Take the entries below and print, exactly, the stretch from the line containing "using mult_le_imp_le_ratio_mult_diff[OF assms(3)" through the line containing "with AB show ?thesis", both included.
··· TASK INPUTS
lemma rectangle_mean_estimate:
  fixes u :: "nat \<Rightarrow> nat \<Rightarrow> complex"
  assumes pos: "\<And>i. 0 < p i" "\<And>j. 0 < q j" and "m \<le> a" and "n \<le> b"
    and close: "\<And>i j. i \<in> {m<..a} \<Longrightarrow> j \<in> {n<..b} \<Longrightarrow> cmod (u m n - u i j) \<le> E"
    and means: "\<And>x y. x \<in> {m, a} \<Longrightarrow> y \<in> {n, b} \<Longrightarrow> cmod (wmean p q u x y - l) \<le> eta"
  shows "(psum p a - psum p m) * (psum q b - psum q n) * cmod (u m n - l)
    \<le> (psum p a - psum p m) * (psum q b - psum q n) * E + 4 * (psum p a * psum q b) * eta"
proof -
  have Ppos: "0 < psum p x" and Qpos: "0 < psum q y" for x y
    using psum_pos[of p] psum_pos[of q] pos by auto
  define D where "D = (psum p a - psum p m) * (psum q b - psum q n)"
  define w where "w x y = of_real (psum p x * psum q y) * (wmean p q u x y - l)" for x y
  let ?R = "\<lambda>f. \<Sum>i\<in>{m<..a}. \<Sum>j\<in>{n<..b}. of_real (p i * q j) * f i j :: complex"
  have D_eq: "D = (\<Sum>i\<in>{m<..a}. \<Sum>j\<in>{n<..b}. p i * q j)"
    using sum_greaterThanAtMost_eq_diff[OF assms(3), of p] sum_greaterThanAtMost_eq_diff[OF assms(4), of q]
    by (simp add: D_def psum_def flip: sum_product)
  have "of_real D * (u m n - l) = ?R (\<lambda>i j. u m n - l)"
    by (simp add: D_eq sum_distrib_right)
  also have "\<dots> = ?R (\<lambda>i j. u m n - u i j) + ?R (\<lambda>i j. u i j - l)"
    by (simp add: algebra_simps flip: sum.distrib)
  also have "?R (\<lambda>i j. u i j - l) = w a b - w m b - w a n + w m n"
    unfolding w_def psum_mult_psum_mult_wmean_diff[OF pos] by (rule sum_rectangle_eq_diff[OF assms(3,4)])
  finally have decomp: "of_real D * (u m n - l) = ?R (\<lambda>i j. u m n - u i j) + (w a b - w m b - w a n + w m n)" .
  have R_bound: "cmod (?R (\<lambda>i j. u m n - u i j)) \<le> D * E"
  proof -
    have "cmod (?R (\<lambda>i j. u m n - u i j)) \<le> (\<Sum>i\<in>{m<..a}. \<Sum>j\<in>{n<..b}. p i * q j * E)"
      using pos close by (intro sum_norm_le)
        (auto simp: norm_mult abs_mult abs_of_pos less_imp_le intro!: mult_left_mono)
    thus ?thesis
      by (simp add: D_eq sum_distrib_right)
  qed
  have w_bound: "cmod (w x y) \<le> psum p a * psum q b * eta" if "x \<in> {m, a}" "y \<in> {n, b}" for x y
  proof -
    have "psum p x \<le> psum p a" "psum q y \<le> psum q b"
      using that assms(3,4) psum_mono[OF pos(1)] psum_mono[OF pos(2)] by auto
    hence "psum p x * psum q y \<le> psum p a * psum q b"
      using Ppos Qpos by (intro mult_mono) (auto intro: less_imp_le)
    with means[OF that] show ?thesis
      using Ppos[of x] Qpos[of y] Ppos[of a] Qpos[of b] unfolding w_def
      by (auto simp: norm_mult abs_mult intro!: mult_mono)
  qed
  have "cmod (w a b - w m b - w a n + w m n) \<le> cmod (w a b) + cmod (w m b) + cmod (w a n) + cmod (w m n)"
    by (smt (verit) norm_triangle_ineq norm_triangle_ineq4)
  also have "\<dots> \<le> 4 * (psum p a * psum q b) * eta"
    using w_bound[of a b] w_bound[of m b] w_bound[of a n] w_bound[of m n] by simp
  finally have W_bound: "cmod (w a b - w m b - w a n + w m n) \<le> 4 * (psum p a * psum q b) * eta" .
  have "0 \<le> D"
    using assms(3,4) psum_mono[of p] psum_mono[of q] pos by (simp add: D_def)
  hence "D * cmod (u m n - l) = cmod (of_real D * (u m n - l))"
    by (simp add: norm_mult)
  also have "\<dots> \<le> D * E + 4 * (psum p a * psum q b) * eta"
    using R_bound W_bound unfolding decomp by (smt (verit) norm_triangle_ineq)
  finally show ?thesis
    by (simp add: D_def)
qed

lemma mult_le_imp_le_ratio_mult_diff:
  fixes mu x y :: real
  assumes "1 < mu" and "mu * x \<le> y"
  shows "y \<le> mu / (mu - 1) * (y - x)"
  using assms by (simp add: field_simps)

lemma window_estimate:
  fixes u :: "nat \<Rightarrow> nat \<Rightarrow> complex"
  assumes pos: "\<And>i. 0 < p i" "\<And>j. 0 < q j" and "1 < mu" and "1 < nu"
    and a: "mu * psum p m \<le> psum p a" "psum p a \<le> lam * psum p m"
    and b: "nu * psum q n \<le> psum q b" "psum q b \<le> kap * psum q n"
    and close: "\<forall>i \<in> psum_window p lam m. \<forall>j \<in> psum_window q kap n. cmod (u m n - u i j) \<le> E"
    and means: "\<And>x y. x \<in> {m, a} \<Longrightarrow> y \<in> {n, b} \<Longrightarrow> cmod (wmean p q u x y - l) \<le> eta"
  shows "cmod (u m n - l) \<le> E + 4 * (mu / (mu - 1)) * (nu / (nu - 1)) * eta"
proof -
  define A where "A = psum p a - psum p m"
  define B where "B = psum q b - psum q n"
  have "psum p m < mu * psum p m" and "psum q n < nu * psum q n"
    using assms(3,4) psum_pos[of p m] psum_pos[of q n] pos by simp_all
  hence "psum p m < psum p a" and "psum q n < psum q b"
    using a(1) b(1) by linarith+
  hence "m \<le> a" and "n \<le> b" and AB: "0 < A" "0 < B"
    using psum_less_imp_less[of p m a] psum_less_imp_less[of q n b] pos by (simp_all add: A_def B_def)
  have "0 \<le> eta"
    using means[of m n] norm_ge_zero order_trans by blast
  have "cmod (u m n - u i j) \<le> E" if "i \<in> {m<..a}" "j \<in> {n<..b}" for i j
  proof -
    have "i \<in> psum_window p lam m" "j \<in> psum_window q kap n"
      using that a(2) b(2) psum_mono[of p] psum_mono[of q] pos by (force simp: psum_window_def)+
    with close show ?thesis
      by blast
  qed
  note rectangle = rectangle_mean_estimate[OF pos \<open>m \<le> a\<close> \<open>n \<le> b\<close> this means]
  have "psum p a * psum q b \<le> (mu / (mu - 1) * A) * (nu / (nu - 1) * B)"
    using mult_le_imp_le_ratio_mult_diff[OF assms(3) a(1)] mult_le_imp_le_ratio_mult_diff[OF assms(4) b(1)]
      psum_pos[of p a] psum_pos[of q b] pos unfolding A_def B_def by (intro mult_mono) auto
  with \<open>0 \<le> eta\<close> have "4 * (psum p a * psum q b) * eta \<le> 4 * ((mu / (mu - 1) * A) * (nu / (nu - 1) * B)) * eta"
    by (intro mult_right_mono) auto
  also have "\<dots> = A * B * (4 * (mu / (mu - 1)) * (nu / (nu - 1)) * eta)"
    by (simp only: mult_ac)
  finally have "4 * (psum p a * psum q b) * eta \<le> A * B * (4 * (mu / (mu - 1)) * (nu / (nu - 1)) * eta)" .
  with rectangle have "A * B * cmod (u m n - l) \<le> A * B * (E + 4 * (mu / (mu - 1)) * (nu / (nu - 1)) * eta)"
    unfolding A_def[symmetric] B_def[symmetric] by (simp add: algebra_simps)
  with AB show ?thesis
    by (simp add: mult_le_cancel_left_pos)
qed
······
··· TASK INPUTS
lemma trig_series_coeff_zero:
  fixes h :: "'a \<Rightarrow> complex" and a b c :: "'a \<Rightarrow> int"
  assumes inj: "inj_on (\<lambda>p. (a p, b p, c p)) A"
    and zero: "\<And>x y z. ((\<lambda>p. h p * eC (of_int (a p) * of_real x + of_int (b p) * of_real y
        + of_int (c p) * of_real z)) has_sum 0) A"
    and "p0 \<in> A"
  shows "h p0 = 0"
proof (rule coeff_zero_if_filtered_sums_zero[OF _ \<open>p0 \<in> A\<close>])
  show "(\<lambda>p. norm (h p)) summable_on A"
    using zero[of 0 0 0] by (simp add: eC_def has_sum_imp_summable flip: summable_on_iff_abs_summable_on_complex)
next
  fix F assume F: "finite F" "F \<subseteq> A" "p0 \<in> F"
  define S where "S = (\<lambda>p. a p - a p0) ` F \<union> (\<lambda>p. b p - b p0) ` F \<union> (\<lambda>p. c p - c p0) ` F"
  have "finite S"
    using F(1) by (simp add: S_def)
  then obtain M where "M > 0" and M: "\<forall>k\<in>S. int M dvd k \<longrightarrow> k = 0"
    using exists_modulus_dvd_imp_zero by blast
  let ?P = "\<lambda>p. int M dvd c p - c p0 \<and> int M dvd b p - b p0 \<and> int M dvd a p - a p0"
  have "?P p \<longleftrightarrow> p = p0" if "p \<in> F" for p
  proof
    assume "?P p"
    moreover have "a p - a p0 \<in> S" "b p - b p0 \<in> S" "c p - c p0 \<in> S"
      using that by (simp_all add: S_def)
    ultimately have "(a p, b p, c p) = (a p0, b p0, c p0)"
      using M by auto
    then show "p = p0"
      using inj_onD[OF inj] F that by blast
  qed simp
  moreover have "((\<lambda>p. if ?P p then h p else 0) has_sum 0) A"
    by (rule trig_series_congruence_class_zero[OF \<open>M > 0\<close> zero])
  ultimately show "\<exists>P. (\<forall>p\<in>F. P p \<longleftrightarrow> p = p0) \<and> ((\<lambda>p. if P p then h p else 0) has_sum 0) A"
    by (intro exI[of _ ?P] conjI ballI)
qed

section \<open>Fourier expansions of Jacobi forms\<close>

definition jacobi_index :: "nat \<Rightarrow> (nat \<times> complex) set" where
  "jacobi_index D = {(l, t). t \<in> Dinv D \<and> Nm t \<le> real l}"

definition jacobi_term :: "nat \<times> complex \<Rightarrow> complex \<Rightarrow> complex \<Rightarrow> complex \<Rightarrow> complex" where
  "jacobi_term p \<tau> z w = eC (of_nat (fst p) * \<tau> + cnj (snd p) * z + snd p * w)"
······
• **OUTPUT FOR THIS EXERCISE**:
    using mult_le_imp_le_ratio_mult_diff[OF assms(3) a(1)] mult_le_imp_le_ratio_mult_diff[OF assms(4) b(1)]
      psum_pos[of p a] psum_pos[of q b] pos unfolding A_def B_def by (intro mult_mono) auto
  with \<open>0 \<le> eta\<close> have "4 * (psum p a * psum q b) * eta \<le> 4 * ((mu / (mu - 1) * A) * (nu / (nu - 1) * B)) * eta"
    by (intro mult_right_mono) auto
  also have "\<dots> = A * B * (4 * (mu / (mu - 1)) * (nu / (nu - 1)) * eta)"
    by (simp only: mult_ac)
  finally have "4 * (psum p a * psum q b) * eta \<le> A * B * (4 * (mu / (mu - 1)) * (nu / (nu - 1)) * eta)" .
  with rectangle have "A * B * cmod (u m n - l) \<le> A * B * (E + 4 * (mu / (mu - 1)) * (nu / (nu - 1)) * eta)"
    unfolding A_def[symmetric] B_def[symmetric] by (simp add: algebra_simps)
  with AB show ?thesis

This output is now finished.